Nato-Gipfel:Eine Einigung und drei Opfer

Den Streit über einen neuen Generalsekretär konnte die Nato gerade noch beilegen: So klingt der Gipfel halbwegs harmonisch aus - dennoch ist Schaden angerichtet worden.

Martin Winter

Es hatte ein Gipfel der Harmonie werden sollen. Doch er wurde von einem schweren Streit um die Nachfolge des scheidenden Generalsekretärs der Nato überschattet. Auch wenn der in letzter Minute und nach erheblichen Druck aller übrigen Alliierten auf die Türkei so gerade noch beigelegt werden konnte, ist ein nur schwer reparabler Schaden angerichtet worden.

Nato-Gipfel: Der scheidende Nato-Generalsekretär Jaap de Hoop Scheffer (rechts) neben dem künftigen Anders Fogh Rasmussen.

Der scheidende Nato-Generalsekretär Jaap de Hoop Scheffer (rechts) neben dem künftigen Anders Fogh Rasmussen.

(Foto: Foto: AFP)

Dass die Nato sich über die Besetzung des Postens ihres Generalsekretärs so sehr verzankt, dass sie sich beinahe in eine schwere Krise stürzt, spricht nicht dafür, dass sich das größte Militärbündnis der Welt zu seinem 60. Geburtstag in einem guten Zustand befindet.

Im Gegenteil. Dass alle diplomatischen Sicherungen versagt und alle politischen Einschätzungen des türkischen Widerstandes gegen den dänischen Ministerpräsidenten falsch gelegen haben, zeugt von gefährlichen Verständigungsschwierigkeiten unter den Partnerländern.

Aber nicht nur das. Indem sich die Türkei öffentlich so lange gegen den Willen aller anderen 27 Nato-Staaten gestellt hatte, verletzte sie eine Regel, die für das Funktionieren der Allianz wichtig ist: Entscheidungen werden so lange diskret gesucht, bis ein Konsens gefunden ist.

Es gibt drei Opfer des türkischen Vorgehens: Erstens tritt der dänische Ministerpräsident Anders Fogh Rasmussen sein neues Amt als Nato-Generalsekretär nun politisch beschädigt an. Weil die Türkei ihn wegen seiner Haltung im Streit um die Mohammed-Karikaturen kritisierte, in dem er sich auf die Seite der Pressefreiheit gestellt und eine von islamischen Ländern geforderte Entschuldigung abgelehnt hatte, gibt sie ihn in der islamischen Welt für Angriffe frei.

Zweitens ist die Nato beschädigt.

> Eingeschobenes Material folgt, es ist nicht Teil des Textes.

text \<open>
  The mutation chain is reversible with respect to the binomial weights
  \<open>\<pi>\<^sub>k = (N choose k) v\<^sup>k w\<^bsup>N-k\<^esup>\<close>, so
  \<open>sqrt (P\<^sub>i\<^sub>j P\<^sub>j\<^sub>i) = sqrt (\<pi>\<^sub>i / \<pi>\<^sub>j) P\<^sub>i\<^sub>j\<close>.
  Splitting \<open>P\<^sub>i\<^sub>j\<close> according to the numbers \<open>l\<close> of \<open>0 \<rightarrow> 1\<close> and \<open>m\<close> of
  \<open>1 \<rightarrow> 0\<close> flips, and matching each pair with the reverse pair \<open>(m, l)\<close> from \<open>j = i + l - m\<close>,
  the sum over \<open>j\<close> becomes a double sum over \<open>(l, m)\<close> of geometric means of flip probabilities.
  Bounding binomial coefficients by \<open>n\<^sup>k / k!\<close> and \<open>(1 - v)\<^sup>k\<close> by \<open>exp (- v k)\<close>,
  with \<open>z = i / N\<close> and \<open>S = sqrt (\<mu> \<nu> z (1 - z))\<close> the \<open>(l, m)\<close> term is at most
  \<open>exp (- \<mu> (1 - z) - \<nu> z) q\<^sub>l\<^sup>l / l! r\<^sub>m\<^sup>m / m!\<close>, where \<open>q\<^sub>l, r\<^sub>m\<close> exceed \<open>S\<close>
  by \<open>O(sqrt (l / N))\<close>, \<open>O(sqrt (m / N))\<close> and a factor \<open>1 + O(1 / N)\<close>.
  Both perturbed exponential series are \<open>exp S + O(1 / sqrt N)\<close>, and
  \<open>exp (- \<mu> (1 - z) - \<nu> z) exp (2 S) = exp (- g z)\<close>.
\<close>

lemma product_le_square_sqrt_sum:
  fixes n a L p :: real
  assumes "0 < n" "0 \<le> a" "a \<le> n" "0 \<le> L" "0 \<le> p"
  shows "a * (n - a + L) * (p / n\<^sup>2) \<le> (sqrt (p * (a / n * (1 - a / n))) + sqrt p * sqrt (L / n))\<^sup>2"
proof -
  have "a * (n - a + L) * (p / n\<^sup>2) = p * (a / n * (1 - a / n)) + p * (a / n) * (L / n)"
    using assms by (simp add: field_simps power2_eq_square)
  also have "\<dots> \<le> p * (a / n * (1 - a / n)) + p * (L / n)"
  proof -
    have "a / n * (L / n) \<le> 1 * (L / n)"
      using assms by (intro mult_right_mono) auto
    then have "p * (a / n * (L / n)) \<le> p * (L / n)"
      using assms by (intro mult_left_mono) auto
    then show ?thesis by (simp only: mult.assoc add_left_mono)
  qed
  also have "\<dots> = (sqrt (p * (a / n * (1 - a / n))))\<^sup>2 + (sqrt p * sqrt (L / n))\<^sup>2"
    using assms by (simp add: power_mult_distrib)
  also have "\<dots> \<le> (sqrt (p * (a / n * (1 - a / n))) + sqrt p * sqrt (L / n))\<^sup>2"
    using assms unfolding power2_sum by (simp add: zero_le_mult_iff)
  finally show ?thesis .
qed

Die steht vor aller Welt als eine Organisation da, die zwar die Werte der Freiheit verteidigt, in deren Reihen sich aber ein Land befindet, das zu diesen Werten ein vorsichtig gesagt schwieriges Verhältnis zu haben scheint. Und das dritte Opfer ist die Türkei selber. Was immer sich Ministerpräsident Recep Tayyip Erdogan bei seinen öffentlichen Attacken auf Rasmussen "im Auftrag vieler islamischer Staaten" gedacht hat, sehr langfristig kann es nicht gewesen sein.

Die Nato hat ein langes Gedächtnis und dafür, dass Ankara dem französischen Staatspräsidenten Nicolas Sarkozy und der deutschen Bundeskanzlerin Angela Merkel den Gipfel in Straßburg und Kehl beinahe ruiniert hat, wird es irgendwann bezahlen müssen.

Noch schwerwiegender aber wird die Wirkung auf die europäischen Ambitionen der Türkei sein. Man muss nicht so weit gehen, wie einige deutsche Christdemokraten, die die Einstellung der Beitrittsverhandlungen mit der Türkei fordern.

Aber die Europäer müssen sich schon die Frage stellen, wes Geistes Kind denn ein Land ist, dessen politische Spitze einen für das Amt des Nato-Generalsekretärs durchaus geeigneten Kandidaten deswegen zu verhindern versucht hat, weil der, wie es von einem demokratischen Regierungschef zu erwarten ist, Angriffe auf die Pressefreiheit abgewehrt hat.

Wer in die Europäische Union hinein will, der muss sich auf ihre konstituierenden Werte verpflichten, und die sind nicht verhandelbar. Dazu gehören die Freiheit der Presse und die Freiheit der Meinung. Und dazu gehört auch die Verteidigung dieser Freiheiten. Ihr Vorgehen in der Nato, aber auch ihr Umgang mit kritischen Journalisten im eigenen Land begründen erhebliche Zweifel, dass die Türkei schon europatauglich ist. Die Europäische Union darf nicht weiter darüber hinwegschauen, dass der Graben zwischen ihren Werten und denen der Türkei größer ist, als man in Brüssel so gerne glauben möchte.